The data:
|---|
(* Let $M,N$ be matroids on a common set $E$ satisfying $\mathsf{cond}^+(M,N)$. Let $e\in E$, let $W\subseteq E\setminus\{e\}$ be an $(M/e,N/e)$-wave, and let $B\subseteq W$ be a base of $(M/e)\upharpoonright W$ that is independent in $(N/e).W$. Then $B\in B(M/e,N/e,W)$; that is, $B$ is also spanning in $N.W$.
   Context: Matroids are possibly infinite. $M^*$ is the dual, $M\upharpoonright X$ restriction, $M/X:=(M^*\upharpoonright(E\setminus X))^*$, $M/e:=M/\{e\}$, $M.X:=M/(E\setminus X)$. A loop is an element $e$ with $\{e\}$ dependent; $r(K)=0$ means the empty set is a base of $K$. $W$ is an $(M,N)$-wave if $M\upharpoonright W$ has a base independent in $N.W$; the union of all $(M,N)$-waves is a wave, denoted $W(M,N)$. $\mathsf{cond}^+(M,N)$: $W(M,N)$ consists of $M$-loops and $r(N.W(M,N))=0$. $B(M,N,X)$ denotes the set of common bases of $M\upharpoonright X$ and $N.X$. *)

theory Defs
  imports Main
begin

type_synonym 'a matroid = "'a set \<times> ('a set \<Rightarrow> bool)"

definition ground :: "'a matroid \<Rightarrow> 'a set" where
  "ground M = fst M"

definition indep :: "'a matroid \<Rightarrow> 'a set \<Rightarrow> bool" where
  "indep M X = snd M X"

definition basis :: "'a matroid \<Rightarrow> 'a set \<Rightarrow> bool" where
  "basis M B \<longleftrightarrow> indep M B \<and> (\<forall>I. indep M I \<and> B \<subseteq> I \<longrightarrow> I = B)"

text \<open>Independence axioms for infinite matroids (Bruhn, Diestel, Kriesell, Pendavingh, Wollan):
(I1), (I2), (I3) and (IM).\<close>
definition matroid :: "'a matroid \<Rightarrow> bool" where
  "matroid M \<longleftrightarrow>
     (\<forall>I. indep M I \<longrightarrow> I \<subseteq> ground M) \<and>
     indep M {} \<and>
     (\<forall>I J. indep M J \<and> I \<subseteq> J \<longrightarrow> indep M I) \<and>
     (\<forall>I J. indep M I \<and> \<not> basis M I \<and> basis M J \<longrightarrow>
        (\<exists>x \<in> J - I. indep M (insert x I))) \<and>
     (\<forall>I X. indep M I \<and> I \<subseteq> X \<and> X \<subseteq> ground M \<longrightarrow>
        (\<exists>J. indep M J \<and> I \<subseteq> J \<and> J \<subseteq> X \<and>
              (\<forall>K. indep M K \<and> J \<subseteq> K \<and> K \<subseteq> X \<longrightarrow> K = J)))"

text \<open>Dual: the bases of \<open>M\<^sup>*\<close> are the complements of bases of \<open>M\<close>.\<close>
definition dual :: "'a matroid \<Rightarrow> 'a matroid" where
  "dual M = (ground M, \<lambda>X. X \<subseteq> ground M \<and> (\<exists>B. basis M B \<and> X \<inter> B = {}))"

definition restrict :: "'a matroid \<Rightarrow> 'a set \<Rightarrow> 'a matroid" where
  "restrict M X = (X \<inter> ground M, \<lambda>I. indep M I \<and> I \<subseteq> X)"

definition contract :: "'a matroid \<Rightarrow> 'a set \<Rightarrow> 'a matroid" where
  "contract M X = dual (restrict (dual M) (ground M - X))"

definition contract_to :: "'a matroid \<Rightarrow> 'a set \<Rightarrow> 'a matroid" where
  "contract_to M X = contract M (ground M - X)"

definition loop :: "'a matroid \<Rightarrow> 'a \<Rightarrow> bool" where
  "loop M e \<longleftrightarrow> e \<in> ground M \<and> \<not> indep M {e}"

definition wave :: "'a matroid \<Rightarrow> 'a matroid \<Rightarrow> 'a set \<Rightarrow> bool" where
  "wave M N W \<longleftrightarrow> W \<subseteq> ground M \<and>
     (\<exists>B. basis (restrict M W) B \<and> indep (contract_to N W) B)"

definition wave_union :: "'a matroid \<Rightarrow> 'a matroid \<Rightarrow> 'a set" where
  "wave_union M N = \<Union> {W. wave M N W}"

text \<open>\<open>cond\<^sup>+(M,N)\<close>: \<open>W(M,N)\<close> consists of \<open>M\<close>-loops and \<open>r(N.W(M,N)) = 0\<close>,
i.e. the empty set is a base of \<open>N.W(M,N)\<close>.\<close>
definition cond_plus :: "'a matroid \<Rightarrow> 'a matroid \<Rightarrow> bool" where
  "cond_plus M N \<longleftrightarrow> (\<forall>x \<in> wave_union M N. loop M x) \<and>
     basis (contract_to N (wave_union M N)) {}"

definition common_bases :: "'a matroid \<Rightarrow> 'a matroid \<Rightarrow> 'a set \<Rightarrow> 'a set set" where
  "common_bases M N X = {B. basis (restrict M X) B \<and> basis (contract_to N X) B}"

end

theory Submission
  imports Defs
begin
(* Consider the problem $\min_{x\in\mathbb{R}^n} F(x):=f(x)+g(x)$ subject to $Ax=b$, under the setting described in the context, with optimal solution $x^*$ and with $\lambda^*$ an optimal solution of $\max_\lambda d(\lambda)$ such that $d(\lambda^* )=F(x^* )$. Let $\{x^k\}$ and $\{\lambda^k\}$ be generated by the IAL framework described in the context with $\eta_k=\frac{\sigma}{k^2}$ for some constant $\sigma>0$. Then, with $\delta_k:=d(\lambda^* )-d(\lambda^k)$, $$\delta_k=\mathcal{O}\!\left(\frac1k\right),\qquad \|Ax^{k+1}-b\|^2=\mathcal{O}\!\left(\frac1k\right),\qquad |F(x^{k+1})-F(x^* )|=\mathcal{O}\!\left(\frac1{\sqrt k}\right).$$
   Context: Let $A\in\mathbb{R}^{m\times n}$ and $b\in\mathbb{R}^m$. Let $f:\mathbb{R}^n\to\mathbb{R}$ be convex and differentiable with Lipschitz continuous gradient. Let $g:\mathbb{R}^n\to\mathbb{R}\cup\{+\infty\}$ be a closed proper convex (possibly nonsmooth) function with bounded domain, and $F=f+g$. Fix a penalty parameter $\beta>0$. For $\lambda\in\mathbb{R}^m$, define $$\hat f_\beta(x;\lambda):=f(x)+\langle\lambda,Ax-b\rangle+\tfrac{\beta}{2}\|Ax-b\|^2,\qquad \mathcal{L}_\beta(x;\lambda):=\hat f_\beta(x;\lambda)+g(x),$$ and $d(\lambda):=\min_{x\in\mathbb{R}^n}\mathcal{L}_\beta(x;\lambda)$. Here $\nabla\hat f_\beta(x;\lambda)$ denotes the gradient of $\hat f_\beta$ with respect to $x$. It is assumed that strong duality holds between the problem and its augmented Lagrangian dual $\max_\lambda d(\lambda)$. IAL framework: choose $x^1\in\operatorname{dom} g$, $\lambda^1\in\mathbb{R}^m$, and a nonnegative sequence $\{\eta_k\}$. For $k=1,2,\dots$: find a point $x^{k+1}$ such that $$\max_{x\in\mathbb{R}^n}\Big\{\langle\nabla\hat f_\beta(x^{k+1};\lambda^k),\,x^{k+1}-x\rangle+g(x^{k+1})-g(x)\Big\}\le\eta_k,$$ and then set $\lambda^{k+1}=\lambda^k+\beta(Ax^{k+1}-b)$. *)

theory Defs
  imports "HOL-Analysis.Analysis" "HOL-Library.Landau_Symbols"
begin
|---|
Work instruction: Every line of the material above that has the string "imports" needs pulling out.

Result of this task:
  imports Main
  imports Defs
  imports "HOL-Analysis.Analysis" "HOL-Library.Landau_Symbols"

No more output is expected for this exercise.